- _ACTIVITY_
Write down, unchanged, the entries from the first line through the line holding "by (intro AE_I2)". Include no other line.

- _DATASET RECORDS_
- Opening Delimiter -

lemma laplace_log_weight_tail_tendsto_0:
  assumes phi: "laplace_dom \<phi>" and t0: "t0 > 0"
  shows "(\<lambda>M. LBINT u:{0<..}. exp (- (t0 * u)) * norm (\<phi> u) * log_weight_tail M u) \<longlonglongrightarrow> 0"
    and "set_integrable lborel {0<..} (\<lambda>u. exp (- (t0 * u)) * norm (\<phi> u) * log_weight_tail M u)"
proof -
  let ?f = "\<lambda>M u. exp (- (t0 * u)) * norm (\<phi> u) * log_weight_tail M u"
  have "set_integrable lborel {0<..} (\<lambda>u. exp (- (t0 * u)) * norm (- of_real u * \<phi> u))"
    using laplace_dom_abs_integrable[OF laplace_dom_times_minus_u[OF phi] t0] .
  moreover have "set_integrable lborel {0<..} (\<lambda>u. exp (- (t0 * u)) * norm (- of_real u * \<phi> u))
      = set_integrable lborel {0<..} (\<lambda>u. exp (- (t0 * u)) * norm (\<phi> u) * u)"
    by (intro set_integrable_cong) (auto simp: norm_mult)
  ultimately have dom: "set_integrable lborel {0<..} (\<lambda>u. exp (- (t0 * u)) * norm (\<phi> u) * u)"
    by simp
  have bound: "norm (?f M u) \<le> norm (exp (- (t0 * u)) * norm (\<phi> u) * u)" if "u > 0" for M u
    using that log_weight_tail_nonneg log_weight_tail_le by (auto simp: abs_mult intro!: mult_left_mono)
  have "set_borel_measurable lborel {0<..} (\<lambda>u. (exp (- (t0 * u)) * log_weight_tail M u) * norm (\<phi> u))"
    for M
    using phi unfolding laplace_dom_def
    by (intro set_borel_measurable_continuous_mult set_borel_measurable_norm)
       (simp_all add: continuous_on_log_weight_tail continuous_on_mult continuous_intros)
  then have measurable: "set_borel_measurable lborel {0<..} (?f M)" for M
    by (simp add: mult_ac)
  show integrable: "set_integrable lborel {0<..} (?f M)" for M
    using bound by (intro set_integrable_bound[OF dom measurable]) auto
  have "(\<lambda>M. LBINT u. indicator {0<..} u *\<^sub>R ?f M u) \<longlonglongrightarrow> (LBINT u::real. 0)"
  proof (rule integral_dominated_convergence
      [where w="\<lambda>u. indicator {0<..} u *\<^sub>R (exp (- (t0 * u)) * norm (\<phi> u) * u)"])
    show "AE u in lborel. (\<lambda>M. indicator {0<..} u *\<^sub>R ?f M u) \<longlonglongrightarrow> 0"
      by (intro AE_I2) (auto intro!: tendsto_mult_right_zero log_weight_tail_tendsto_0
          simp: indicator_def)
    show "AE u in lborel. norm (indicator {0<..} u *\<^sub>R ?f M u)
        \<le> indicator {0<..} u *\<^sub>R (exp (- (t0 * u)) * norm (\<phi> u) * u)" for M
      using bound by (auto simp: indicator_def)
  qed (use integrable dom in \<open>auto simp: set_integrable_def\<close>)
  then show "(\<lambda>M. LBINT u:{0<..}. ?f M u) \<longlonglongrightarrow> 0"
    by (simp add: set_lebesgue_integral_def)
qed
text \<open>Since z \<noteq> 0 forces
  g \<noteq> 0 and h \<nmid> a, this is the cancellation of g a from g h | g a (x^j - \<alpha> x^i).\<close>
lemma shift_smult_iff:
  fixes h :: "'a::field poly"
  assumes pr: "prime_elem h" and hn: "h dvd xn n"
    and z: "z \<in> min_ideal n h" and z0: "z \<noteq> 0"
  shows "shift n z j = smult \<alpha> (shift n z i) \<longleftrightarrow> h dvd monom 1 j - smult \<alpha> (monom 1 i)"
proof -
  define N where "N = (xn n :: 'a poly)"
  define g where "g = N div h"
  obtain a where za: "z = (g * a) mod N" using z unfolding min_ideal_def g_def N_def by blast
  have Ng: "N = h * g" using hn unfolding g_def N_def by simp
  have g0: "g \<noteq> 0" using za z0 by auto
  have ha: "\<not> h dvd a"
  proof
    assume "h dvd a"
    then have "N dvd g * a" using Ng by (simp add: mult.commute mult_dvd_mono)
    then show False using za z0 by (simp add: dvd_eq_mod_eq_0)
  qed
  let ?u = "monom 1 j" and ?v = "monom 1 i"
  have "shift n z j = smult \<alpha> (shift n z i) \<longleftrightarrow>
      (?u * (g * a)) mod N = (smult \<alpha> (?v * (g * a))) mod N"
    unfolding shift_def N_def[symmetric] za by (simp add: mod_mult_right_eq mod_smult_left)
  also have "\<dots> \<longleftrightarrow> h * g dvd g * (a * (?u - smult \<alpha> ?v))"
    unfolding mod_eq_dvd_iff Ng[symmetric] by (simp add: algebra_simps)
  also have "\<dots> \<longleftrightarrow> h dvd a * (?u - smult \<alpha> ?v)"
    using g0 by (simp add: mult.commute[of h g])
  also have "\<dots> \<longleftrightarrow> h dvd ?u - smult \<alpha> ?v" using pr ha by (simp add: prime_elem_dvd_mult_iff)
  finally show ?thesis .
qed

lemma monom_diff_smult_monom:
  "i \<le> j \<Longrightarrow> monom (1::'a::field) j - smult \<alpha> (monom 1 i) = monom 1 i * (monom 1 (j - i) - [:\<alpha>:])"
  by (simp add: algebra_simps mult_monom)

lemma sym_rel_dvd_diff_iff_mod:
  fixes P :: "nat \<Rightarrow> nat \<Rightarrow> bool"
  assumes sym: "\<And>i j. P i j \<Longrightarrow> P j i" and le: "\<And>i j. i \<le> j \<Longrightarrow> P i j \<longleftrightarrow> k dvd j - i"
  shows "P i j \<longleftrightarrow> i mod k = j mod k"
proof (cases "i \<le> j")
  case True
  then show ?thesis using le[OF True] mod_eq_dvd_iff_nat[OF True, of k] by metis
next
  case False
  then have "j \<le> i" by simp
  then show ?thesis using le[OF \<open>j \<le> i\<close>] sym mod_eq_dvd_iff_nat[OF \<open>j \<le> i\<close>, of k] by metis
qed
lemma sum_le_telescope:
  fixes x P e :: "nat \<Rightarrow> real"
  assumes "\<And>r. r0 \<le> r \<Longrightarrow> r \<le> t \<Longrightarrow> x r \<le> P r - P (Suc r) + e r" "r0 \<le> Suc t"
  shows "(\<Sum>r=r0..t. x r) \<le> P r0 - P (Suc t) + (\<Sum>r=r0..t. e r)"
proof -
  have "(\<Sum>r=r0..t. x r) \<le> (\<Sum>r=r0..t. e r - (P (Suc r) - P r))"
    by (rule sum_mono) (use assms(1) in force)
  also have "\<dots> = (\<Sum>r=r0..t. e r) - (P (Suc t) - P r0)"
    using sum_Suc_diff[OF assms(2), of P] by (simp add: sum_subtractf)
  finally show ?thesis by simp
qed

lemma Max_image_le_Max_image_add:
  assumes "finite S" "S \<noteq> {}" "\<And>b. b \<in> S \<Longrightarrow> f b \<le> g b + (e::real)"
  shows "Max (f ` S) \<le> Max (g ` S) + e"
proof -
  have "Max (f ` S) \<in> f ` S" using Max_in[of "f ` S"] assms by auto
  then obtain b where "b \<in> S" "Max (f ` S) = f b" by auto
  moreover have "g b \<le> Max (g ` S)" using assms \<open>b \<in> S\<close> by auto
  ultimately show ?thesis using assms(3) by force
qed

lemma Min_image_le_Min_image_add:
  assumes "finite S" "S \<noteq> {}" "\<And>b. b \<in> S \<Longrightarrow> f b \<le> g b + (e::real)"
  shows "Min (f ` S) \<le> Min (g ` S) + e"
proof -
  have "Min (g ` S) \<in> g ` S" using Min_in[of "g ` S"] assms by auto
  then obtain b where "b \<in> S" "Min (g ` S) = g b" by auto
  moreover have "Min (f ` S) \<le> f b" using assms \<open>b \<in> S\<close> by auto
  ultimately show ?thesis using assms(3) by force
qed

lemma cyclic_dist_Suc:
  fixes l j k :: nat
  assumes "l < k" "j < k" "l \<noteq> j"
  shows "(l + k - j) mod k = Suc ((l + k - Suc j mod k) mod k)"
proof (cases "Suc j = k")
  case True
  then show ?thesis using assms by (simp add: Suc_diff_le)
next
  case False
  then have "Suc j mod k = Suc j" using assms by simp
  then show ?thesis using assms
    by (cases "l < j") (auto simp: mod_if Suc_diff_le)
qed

- Closing Delimiter -

- _EXERCISE SOLUTION_
lemma laplace_log_weight_tail_tendsto_0:
  assumes phi: "laplace_dom \<phi>" and t0: "t0 > 0"
  shows "(\<lambda>M. LBINT u:{0<..}. exp (- (t0 * u)) * norm (\<phi> u) * log_weight_tail M u) \<longlonglongrightarrow> 0"
    and "set_integrable lborel {0<..} (\<lambda>u. exp (- (t0 * u)) * norm (\<phi> u) * log_weight_tail M u)"
proof -
  let ?f = "\<lambda>M u. exp (- (t0 * u)) * norm (\<phi> u) * log_weight_tail M u"
  have "set_integrable lborel {0<..} (\<lambda>u. exp (- (t0 * u)) * norm (- of_real u * \<phi> u))"
    using laplace_dom_abs_integrable[OF laplace_dom_times_minus_u[OF phi] t0] .
  moreover have "set_integrable lborel {0<..} (\<lambda>u. exp (- (t0 * u)) * norm (- of_real u * \<phi> u))
      = set_integrable lborel {0<..} (\<lambda>u. exp (- (t0 * u)) * norm (\<phi> u) * u)"
    by (intro set_integrable_cong) (auto simp: norm_mult)
  ultimately have dom: "set_integrable lborel {0<..} (\<lambda>u. exp (- (t0 * u)) * norm (\<phi> u) * u)"
    by simp
  have bound: "norm (?f M u) \<le> norm (exp (- (t0 * u)) * norm (\<phi> u) * u)" if "u > 0" for M u
    using that log_weight_tail_nonneg log_weight_tail_le by (auto simp: abs_mult intro!: mult_left_mono)
  have "set_borel_measurable lborel {0<..} (\<lambda>u. (exp (- (t0 * u)) * log_weight_tail M u) * norm (\<phi> u))"
    for M
    using phi unfolding laplace_dom_def
    by (intro set_borel_measurable_continuous_mult set_borel_measurable_norm)
       (simp_all add: continuous_on_log_weight_tail continuous_on_mult continuous_intros)
  then have measurable: "set_borel_measurable lborel {0<..} (?f M)" for M
    by (simp add: mult_ac)
  show integrable: "set_integrable lborel {0<..} (?f M)" for M
    using bound by (intro set_integrable_bound[OF dom measurable]) auto
  have "(\<lambda>M. LBINT u. indicator {0<..} u *\<^sub>R ?f M u) \<longlonglongrightarrow> (LBINT u::real. 0)"
  proof (rule integral_dominated_convergence
      [where w="\<lambda>u. indicator {0<..} u *\<^sub>R (exp (- (t0 * u)) * norm (\<phi> u) * u)"])
    show "AE u in lborel. (\<lambda>M. indicator {0<..} u *\<^sub>R ?f M u) \<longlonglongrightarrow> 0"
      by (intro AE_I2) (auto intro!: tendsto_mult_right_zero log_weight_tail_tendsto_0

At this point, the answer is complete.